Materials provided:
*** Begin section ***
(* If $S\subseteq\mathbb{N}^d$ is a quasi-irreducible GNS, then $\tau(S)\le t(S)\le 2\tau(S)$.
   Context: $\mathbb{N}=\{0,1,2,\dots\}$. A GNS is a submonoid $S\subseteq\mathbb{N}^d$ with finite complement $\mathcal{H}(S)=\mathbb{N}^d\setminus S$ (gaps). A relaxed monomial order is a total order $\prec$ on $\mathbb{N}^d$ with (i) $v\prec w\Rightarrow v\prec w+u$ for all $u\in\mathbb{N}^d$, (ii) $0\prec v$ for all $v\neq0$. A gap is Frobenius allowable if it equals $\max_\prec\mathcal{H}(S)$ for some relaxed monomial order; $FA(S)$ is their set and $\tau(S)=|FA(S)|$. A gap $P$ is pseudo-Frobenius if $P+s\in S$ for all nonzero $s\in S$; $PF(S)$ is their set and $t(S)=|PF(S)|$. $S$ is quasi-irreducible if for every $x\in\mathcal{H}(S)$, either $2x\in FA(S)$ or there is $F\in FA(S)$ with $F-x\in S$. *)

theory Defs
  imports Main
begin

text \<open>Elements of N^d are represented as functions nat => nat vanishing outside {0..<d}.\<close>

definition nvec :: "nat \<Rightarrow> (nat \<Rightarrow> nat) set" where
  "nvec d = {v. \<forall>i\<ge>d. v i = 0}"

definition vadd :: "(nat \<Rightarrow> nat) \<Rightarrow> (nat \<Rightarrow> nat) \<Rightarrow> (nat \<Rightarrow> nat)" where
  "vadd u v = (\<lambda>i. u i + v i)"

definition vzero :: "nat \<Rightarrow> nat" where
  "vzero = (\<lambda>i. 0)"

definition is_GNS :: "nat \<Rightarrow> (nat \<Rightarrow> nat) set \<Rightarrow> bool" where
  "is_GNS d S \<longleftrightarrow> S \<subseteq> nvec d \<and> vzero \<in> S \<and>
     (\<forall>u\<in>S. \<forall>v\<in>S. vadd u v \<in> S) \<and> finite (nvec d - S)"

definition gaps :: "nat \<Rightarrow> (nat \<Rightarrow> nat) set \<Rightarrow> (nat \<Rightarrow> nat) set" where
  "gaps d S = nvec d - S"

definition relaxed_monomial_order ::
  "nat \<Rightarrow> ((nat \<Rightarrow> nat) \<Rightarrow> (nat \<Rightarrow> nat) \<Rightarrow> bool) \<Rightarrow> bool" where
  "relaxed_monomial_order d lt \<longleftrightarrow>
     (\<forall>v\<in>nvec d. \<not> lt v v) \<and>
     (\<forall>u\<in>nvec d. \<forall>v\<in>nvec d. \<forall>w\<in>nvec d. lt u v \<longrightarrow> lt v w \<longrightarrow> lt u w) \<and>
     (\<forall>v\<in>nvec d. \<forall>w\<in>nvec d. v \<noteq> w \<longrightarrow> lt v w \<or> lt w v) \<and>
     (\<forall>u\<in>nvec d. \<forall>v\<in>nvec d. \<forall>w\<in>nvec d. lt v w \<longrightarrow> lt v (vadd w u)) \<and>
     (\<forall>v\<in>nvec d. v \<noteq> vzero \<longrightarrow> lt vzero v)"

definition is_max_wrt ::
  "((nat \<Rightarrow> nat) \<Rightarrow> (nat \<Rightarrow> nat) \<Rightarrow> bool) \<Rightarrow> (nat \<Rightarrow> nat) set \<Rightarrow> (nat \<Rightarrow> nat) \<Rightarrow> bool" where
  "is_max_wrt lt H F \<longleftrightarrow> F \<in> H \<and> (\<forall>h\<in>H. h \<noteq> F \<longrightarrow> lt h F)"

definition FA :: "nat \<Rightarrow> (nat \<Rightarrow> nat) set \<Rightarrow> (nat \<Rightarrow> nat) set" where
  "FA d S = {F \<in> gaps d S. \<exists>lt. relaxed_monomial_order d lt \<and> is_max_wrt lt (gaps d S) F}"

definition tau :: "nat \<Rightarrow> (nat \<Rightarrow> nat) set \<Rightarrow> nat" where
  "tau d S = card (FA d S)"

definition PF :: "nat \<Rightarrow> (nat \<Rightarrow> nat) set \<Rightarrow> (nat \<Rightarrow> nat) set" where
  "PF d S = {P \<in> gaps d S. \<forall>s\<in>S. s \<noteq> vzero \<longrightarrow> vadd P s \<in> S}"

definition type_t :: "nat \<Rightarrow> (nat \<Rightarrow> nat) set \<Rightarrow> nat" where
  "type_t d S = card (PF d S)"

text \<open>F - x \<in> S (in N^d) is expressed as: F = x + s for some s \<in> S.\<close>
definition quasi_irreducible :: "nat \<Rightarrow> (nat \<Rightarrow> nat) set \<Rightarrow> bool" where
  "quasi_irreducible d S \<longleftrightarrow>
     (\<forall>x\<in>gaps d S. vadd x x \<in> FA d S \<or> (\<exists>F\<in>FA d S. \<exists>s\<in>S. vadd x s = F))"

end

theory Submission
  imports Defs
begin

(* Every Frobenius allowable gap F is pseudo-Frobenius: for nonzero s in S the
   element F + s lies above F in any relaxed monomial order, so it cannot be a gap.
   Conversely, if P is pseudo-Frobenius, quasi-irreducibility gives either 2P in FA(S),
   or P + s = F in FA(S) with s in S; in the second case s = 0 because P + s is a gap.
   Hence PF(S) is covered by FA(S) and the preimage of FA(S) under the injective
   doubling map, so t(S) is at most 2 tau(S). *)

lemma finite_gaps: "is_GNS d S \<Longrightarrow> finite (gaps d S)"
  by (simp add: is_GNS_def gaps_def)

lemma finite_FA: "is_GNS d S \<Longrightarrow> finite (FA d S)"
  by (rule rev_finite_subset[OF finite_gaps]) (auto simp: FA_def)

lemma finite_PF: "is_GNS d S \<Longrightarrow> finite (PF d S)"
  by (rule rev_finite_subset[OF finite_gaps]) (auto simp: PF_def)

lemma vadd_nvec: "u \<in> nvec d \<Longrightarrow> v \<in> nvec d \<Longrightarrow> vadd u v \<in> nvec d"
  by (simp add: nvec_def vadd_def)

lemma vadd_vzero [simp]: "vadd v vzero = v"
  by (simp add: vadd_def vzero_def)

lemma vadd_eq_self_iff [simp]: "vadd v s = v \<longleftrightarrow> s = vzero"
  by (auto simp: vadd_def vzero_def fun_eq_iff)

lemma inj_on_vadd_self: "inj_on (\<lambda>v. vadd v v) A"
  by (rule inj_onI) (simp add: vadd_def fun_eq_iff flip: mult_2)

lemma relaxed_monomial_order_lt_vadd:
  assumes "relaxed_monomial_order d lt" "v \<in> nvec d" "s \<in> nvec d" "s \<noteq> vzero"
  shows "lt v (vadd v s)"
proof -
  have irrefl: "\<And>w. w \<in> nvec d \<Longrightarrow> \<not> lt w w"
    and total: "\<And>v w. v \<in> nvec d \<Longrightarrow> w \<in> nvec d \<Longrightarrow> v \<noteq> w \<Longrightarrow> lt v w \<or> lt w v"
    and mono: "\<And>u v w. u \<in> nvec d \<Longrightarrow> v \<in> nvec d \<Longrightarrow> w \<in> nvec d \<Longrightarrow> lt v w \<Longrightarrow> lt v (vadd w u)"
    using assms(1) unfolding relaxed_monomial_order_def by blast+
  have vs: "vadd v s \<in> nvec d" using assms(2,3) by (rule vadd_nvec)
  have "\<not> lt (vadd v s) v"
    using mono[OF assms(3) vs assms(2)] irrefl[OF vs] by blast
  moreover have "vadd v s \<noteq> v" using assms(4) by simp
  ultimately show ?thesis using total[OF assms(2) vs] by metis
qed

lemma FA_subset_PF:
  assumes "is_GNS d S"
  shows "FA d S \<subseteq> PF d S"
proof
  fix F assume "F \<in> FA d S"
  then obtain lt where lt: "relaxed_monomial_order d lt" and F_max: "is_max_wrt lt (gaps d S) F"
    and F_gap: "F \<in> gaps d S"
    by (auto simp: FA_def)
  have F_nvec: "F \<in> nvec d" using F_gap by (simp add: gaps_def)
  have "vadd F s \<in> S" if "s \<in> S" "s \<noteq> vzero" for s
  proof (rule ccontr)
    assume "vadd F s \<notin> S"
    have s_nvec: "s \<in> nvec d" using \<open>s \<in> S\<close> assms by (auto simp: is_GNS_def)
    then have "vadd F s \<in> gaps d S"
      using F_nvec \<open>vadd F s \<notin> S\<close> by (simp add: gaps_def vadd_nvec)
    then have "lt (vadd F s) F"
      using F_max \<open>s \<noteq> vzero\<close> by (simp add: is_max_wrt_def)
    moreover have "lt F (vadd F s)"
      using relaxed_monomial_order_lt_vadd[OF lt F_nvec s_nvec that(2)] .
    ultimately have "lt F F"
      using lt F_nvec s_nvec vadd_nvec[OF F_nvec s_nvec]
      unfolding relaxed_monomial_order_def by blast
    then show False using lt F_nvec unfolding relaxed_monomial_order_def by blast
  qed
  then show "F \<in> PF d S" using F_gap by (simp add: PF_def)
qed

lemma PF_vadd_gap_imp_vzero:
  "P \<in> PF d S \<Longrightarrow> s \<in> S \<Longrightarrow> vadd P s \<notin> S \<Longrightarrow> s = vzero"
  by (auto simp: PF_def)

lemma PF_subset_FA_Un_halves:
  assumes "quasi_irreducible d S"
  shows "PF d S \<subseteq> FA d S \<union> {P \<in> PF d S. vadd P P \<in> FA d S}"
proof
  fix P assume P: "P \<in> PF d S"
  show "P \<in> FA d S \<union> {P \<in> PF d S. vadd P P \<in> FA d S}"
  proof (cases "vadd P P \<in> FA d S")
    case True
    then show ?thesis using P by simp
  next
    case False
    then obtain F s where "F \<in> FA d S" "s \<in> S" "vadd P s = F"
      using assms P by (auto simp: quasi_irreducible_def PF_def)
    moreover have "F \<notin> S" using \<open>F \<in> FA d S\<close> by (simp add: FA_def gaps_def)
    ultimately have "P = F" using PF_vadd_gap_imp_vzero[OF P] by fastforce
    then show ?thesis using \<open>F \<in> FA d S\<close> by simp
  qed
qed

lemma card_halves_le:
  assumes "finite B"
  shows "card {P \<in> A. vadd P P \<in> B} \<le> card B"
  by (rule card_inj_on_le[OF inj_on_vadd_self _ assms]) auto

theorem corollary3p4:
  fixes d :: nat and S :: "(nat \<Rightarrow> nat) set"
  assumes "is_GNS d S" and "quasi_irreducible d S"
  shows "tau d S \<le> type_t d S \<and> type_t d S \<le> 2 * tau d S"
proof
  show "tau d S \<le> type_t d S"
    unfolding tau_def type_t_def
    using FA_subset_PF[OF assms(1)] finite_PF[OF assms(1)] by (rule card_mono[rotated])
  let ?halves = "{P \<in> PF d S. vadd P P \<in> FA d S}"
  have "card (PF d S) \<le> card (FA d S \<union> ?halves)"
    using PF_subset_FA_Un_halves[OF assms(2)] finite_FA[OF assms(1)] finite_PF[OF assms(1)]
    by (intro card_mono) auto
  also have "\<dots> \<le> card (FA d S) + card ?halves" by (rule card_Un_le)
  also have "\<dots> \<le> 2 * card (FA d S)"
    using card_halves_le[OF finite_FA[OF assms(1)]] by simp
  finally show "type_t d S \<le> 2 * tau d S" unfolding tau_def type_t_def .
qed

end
*** End section ***
Required action:
Check each line of the preceding material for the word "longleftrightarrow", then state how many lines contain it, with no other text.

Result below:
5